lemma integral_laguerre_weight_Suc:
  assumes "s \<ge> 0"
  shows "integral {0..s} (laguerre_weight (Suc k))
    = (real k + \<alpha> + 1) * integral {0..s} (laguerre_weight k) - s * laguerre_weight k s"
proof -
  have "((\<lambda>x. x * laguerre_weight k x) has_real_derivative
      (real k + \<alpha> + 1) * laguerre_weight k x - laguerre_weight (Suc k) x) (at x)" if "x > 0" for x
  proof -
    have "((\<lambda>x. x ^ Suc k * x powr \<alpha> * exp (- x)) has_real_derivative
        real (Suc k) * x ^ k * x powr \<alpha> * exp (- x)
        + x ^ Suc k * (\<alpha> * x powr (\<alpha> - 1)) * exp (- x) - x ^ Suc k * x powr \<alpha> * exp (- x)) (at x)"
      using that by (auto intro!: derivative_eq_intros simp: algebra_simps simp del: power_Suc)
    moreover have "x powr (\<alpha> - 1) = x powr \<alpha> / x"
      using that by (simp add: powr_diff)
    ultimately show ?thesis
      using that by (simp add: laguerre_weight_def field_simps)
  qed
  moreover have "continuous_on {0..s} (\<lambda>x. x * laguerre_weight k x)"
    by (intro continuous_intros continuous_on_subset[OF laguerre_weight_continuous_on]) auto
  ultimately have "((\<lambda>x. (real k + \<alpha> + 1) * laguerre_weight k x - laguerre_weight (Suc k) x)
      has_integral s * laguerre_weight k s - 0 * laguerre_weight k 0) {0..s}"
    using assms
    by (intro fundamental_theorem_of_calculus_interior)
      (auto simp: has_real_derivative_iff_has_vector_derivative[symmetric])
  then have "integral {0..s} (\<lambda>x. (real k + \<alpha> + 1) * laguerre_weight k x - laguerre_weight (Suc k) x)
      = s * laguerre_weight k s"
    by (simp add: integral_unique)
  moreover have "laguerre_weight j integrable_on {0..s}" for j
    by (intro integrable_continuous_real continuous_on_subset[OF laguerre_weight_continuous_on]) auto
  then have "integral {0..s} (\<lambda>x. (real k + \<alpha> + 1) * laguerre_weight k x - laguerre_weight (Suc k) x)
      = (real k + \<alpha> + 1) * integral {0..s} (laguerre_weight k)
        - integral {0..s} (laguerre_weight (Suc k))"
    by (subst integral_diff) (auto intro: integrable_on_mult_right)
  ultimately show ?thesis
    by simp
qed

lemma jump_moment_Suc:
  assumes "s \<ge> 0"
  shows "jump_moment (Suc k) s
    = (real k + (\<alpha> + 1)) * jump_moment k s + B * s powr (\<alpha> + 1) * exp (- s) * s ^ k"
proof -
  have "real k + \<alpha> + 1 \<notin> \<int>\<^sub>\<le>\<^sub>0"
    using alpha_pos by (auto elim!: nonpos_Ints_cases)
  then have "Gamma (real (Suc k) + \<alpha> + 1) = (real k + \<alpha> + 1) * Gamma (real k + \<alpha> + 1)"
    using Gamma_plus1[of "real k + \<alpha> + 1"] by (simp add: add_ac)
  moreover have "s * laguerre_weight k s = s powr (\<alpha> + 1) * exp (- s) * s ^ k"
    using assms by (cases "s = 0") (auto simp: laguerre_weight_def powr_add)
  ultimately show ?thesis
    using assms by (simp add: jump_moment_eq(2) integral_laguerre_weight_Suc algebra_simps)
qed

lemma hn_pos: "hn \<alpha> A B s n > 0"
  unfolding hn_eq using jump_moments_pos_def
  by (rule pos_def_moments.moment_functional_square_pos) simp

lemma ln_Dn_eq_sum: "ln (Dn \<alpha> A B s n) = (\<Sum>j<n. ln (hn \<alpha> A B s j))"
  unfolding Dn_def using hn_pos by (intro ln_prod) (auto simp: less_imp_neq[symmetric])

lemma ln_hn_has_derivative:
  assumes "t > 0"
  shows "((\<lambda>s. ln (hn \<alpha> A B s j)) has_real_derivative - Rn \<alpha> A B t j) (at t)"
proof -
  have "((\<lambda>s. hn \<alpha> A B s j) has_real_derivative
      moment_functional (\<lambda>k. (- B * t powr \<alpha> * exp (- t)) * t ^ k)
        (orth_poly (\<lambda>k. jump_moment k t) j * orth_poly (\<lambda>k. jump_moment k t) j)) (at t)"
    unfolding hn_eq using jump_moment_has_derivative[OF assms] jump_moments_pos_def
    by (intro orth_poly_norm_has_derivative) (auto simp: laguerre_weight_def mult_ac)
  then have "((\<lambda>s. hn \<alpha> A B s j) has_real_derivative
      - B * t powr \<alpha> * exp (- t) * poly (OP \<alpha> A B t j) t ^ 2) (at t)"
    unfolding moment_functional_power by (simp add: OP_eq_orth_poly power2_eq_square)
  from DERIV_ln_divide[OF hn_pos] this show ?thesis
    by (rule DERIV_chain2[THEN DERIV_cong]) (simp add: Rn_def)
qed

lemma t_sum_Rn_eq:
  assumes "t > 0" "n \<ge> 1"
  shows "t * (\<Sum>j<n. Rn \<alpha> A B t j) = - p1 \<alpha> A B t n - real n * (real n + \<alpha>)"
proof -
  let ?m = "\<lambda>k. jump_moment k t"
  let ?P = "orth_poly ?m"
  let ?b = "B * t powr (\<alpha> + 1) * exp (- t)"
  interpret pos_def_moments ?m
    by (rule jump_moments_pos_def)
  obtain n' where n: "n = Suc n'"
    using assms(2) by (cases n) auto
  have "t * Rn \<alpha> A B t j = ?b * (poly (?P j) t ^ 2 / moment_functional ?m (?P j * ?P j))" for j
    using assms by (simp add: Rn_def hn_eq OP_eq_orth_poly powr_add)
  then have "t * (\<Sum>j<n. Rn \<alpha> A B t j)
      = ?b * (\<Sum>j\<le>n'. poly (?P j) t ^ 2 / moment_functional ?m (?P j * ?P j))"
    by (simp add: n sum_distrib_left lessThan_Suc_atMost)
  also have "\<dots> = - coeff (?P (Suc n')) n' - real (Suc n') * (real n' + (\<alpha> + 1))"
    using assms by (intro orth_poly_kernel_diagonal jump_moment_Suc) auto
  finally show ?thesis
    by (simp add: n p1_def OP_eq_orth_poly algebra_simps)
qed

end

theorem theorem3:
  fixes \<alpha> A B t :: real and n :: nat
  assumes "\<alpha> > 0" and "A \<ge> 0" and "B > 0" and "t > 0" and "n \<ge> 1"
  shows "(\<lambda>s. ln (Dn \<alpha> A B s n)) differentiable (at t)
    \<and> (\<forall>j<n. (\<lambda>s. ln (hn \<alpha> A B s j)) differentiable (at t))
    \<and> - t * deriv (\<lambda>s. ln (Dn \<alpha> A B s n)) t
        = - t * (\<Sum>j<n. deriv (\<lambda>s. ln (hn \<alpha> A B s j)) t)
    \<and> - t * (\<Sum>j<n. deriv (\<lambda>s. ln (hn \<alpha> A B s j)) t)
        = t * (\<Sum>j<n. Rn \<alpha> A B t j)
    \<and> t * (\<Sum>j<n. Rn \<alpha> A B t j) = - p1 \<alpha> A B t n - real n * (real n + \<alpha>)"
proof -
  interpret laguerre_jump \<alpha> A B
    using assms by unfold_locales auto
  have ln_hn: "((\<lambda>s. ln (hn \<alpha> A B s j)) has_real_derivative - Rn \<alpha> A B t j) (at t)" for j
    using assms(4) by (rule ln_hn_has_derivative)
  have ln_Dn: "((\<lambda>s. ln (Dn \<alpha> A B s n)) has_real_derivative (\<Sum>j<n. - Rn \<alpha> A B t j)) (at t)"
    unfolding ln_Dn_eq_sum by (intro DERIV_sum ln_hn)
  show ?thesis
    unfolding DERIV_imp_deriv[OF ln_Dn] DERIV_imp_deriv[OF ln_hn]
    using ln_Dn ln_hn t_sum_Rn_eq[OF assms(4,5)]
    by (auto simp: real_differentiable_def sum_negf)
qed

end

→ **PROBLEM REQUIREMENTS**
Exactly how many lines of the listing hold the word "lemma"? Give the number with nothing else.

→ **RESPONSE**
6